45 States Hammer Meta Over Child Safety Lapses

Evelyn Hockstein/Reuters
Evelyn Hockstein/Reuters

Bipartisan rage against TikTok has been a boon for the social media giant’s competitors, who have largely escaped public scrutiny over the past year. For Meta, the parent company of Instagram, WhatsApp, and Facebook, that respite may be ending. The firm faces lawsuits from attorneys general in 45 states, plus Washington, D.C., who have accused it of causing harm to young users.

The flurry of lawsuits, which The New York Times summarized in a long piece on Saturday, mirrors litigation against tobacco companies several decades ago. The suits claim that Meta CEO Mark Zuckerberg has failed to remedy safety lapses and has rejected his own staff members’ requests for more manpower to address issues.

“A lot of these decisions ultimately landed on Mr. Zuckerberg’s desk,” Raúl Torrez, attorney general of New Mexico, told the Times. “He needs to be asked explicitly, and held to account explicitly, for the decisions that he’s made.”

As one example of Zuckerberg’s decision-making, executive David Ginsberg emailed him in April 2019 citing concern about “areas of problematic use/addiction and teens,” according to court records. He wanted to conduct research to “reduce loneliness and compulsive use,” but was told there weren’t resources available for his project.

Mary Rodee, the mother of a teenager who died by suicide in 2021 after being victimized by a sexual predator on Facebook, blasted Meta to the Times. “They preach that they have safety protections, but not the right ones,” she said. Rodee filed a lawsuit against Meta earlier this year. She added that Meta “never responded to the reports she submitted through automated channels on the site about her son’s death,” the Times wrote. “It’s pretty unfathomable,” she said.

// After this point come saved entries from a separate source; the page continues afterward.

(* Consider the streaming version of the Boolean Hidden Hypermatching problem $BHH_n^t$ (with $n=kt$ for an integer $k$), in which the binary vector $x\in\{0,1\}^n$ arrives as a stream, followed by the hyperedges of $M$ together with the Boolean vector $w$. There exists a streaming interactive proof for $BHH_n^t$ with communication and verifier space cost $O(t\log n\,\log\log n)$ bits.
   Context: $BHH_n^t$: the input is $x\in\{0,1\}^n$, a perfect $t$-uniform hypermatching $M=\{M_1,\dots,M_{n/t}\}$ on $[n]$ with $M_r=\{M_{r,1},\dots,M_{r,t}\}$, and $w\in\{0,1\}^{n/t}$. Let $Mx\in\{0,1\}^{n/t}$ have $r$-th coordinate $\bigoplus_{i=1}^t x_{M_{r,i}}$. It is promised that either $Mx\oplus w=0^{n/t}$ (YES) or $Mx\oplus w=1^{n/t}$ (NO); the goal is to decide which. A streaming interactive proof: a randomized verifier reads the stream once; afterwards it exchanges messages with a prover and outputs an answer or rejects; an honest prover makes it output the correct answer with probability at least $2/3$, and against any prover it outputs the correct answer or rejects with probability at least $2/3$. *)

theory Defs
  imports "HOL-Probability.Probability"
begin

text \<open>Stream tokens for the streaming version of BHH: first the bits of x (in order
  x_0, ..., x_{n-1}), then the hyperedges of M, each given as the list of its t vertices
  (vertices are 0..n-1) together with the corresponding bit of w.\<close>
datatype tok = XBit bool | Edge "nat list" bool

The U.S. surgeon general, Vivek Murthy, is also calling for regulations that would place warning labels on social media sites, akin to labels on cigarette packs.

“The mental health crisis among young people is an emergency—and social media has emerged as an important contributor,” he wrote in an op-ed last week. “Adolescents who spend more than three hours a day on social media face double the risk of anxiety and depression symptoms, and the average daily use in this age group, as of the summer of 2023, was 4.8 hours.”

Some members of Congress are pushing to enact the Kids Online Safety Act, which would restrict social media firms’ ability to use addictive techniques like push notifications on underage users.

Meta has pushed back on its characterization in the lawsuits and the press. “We want to reassure every parent that we have their interests at heart in the work we’re doing to help provide teens with safe experiences online,” said spokeswoman Liza Crenshaw. She argued that the legal filings “mischaracterize our work using selective quotes and cherry-picked documents.”

Still, some evidence in the complaints is at a minimum highly unflattering. One Meta staffer admitted in a 2016 email that the “overall company goal is total teen time spent,” according to filings in Tennessee.

Court records also revealed communications executive Nick Clegg’s critical comments about Mark Zuckerberg to some members of his team.

“If I was him, I wouldn’t want to be asked ‘while your company was being accused of aiding and abetting teenage suicide, why was your only public pronouncement a post about surfing?’” Clegg wrote.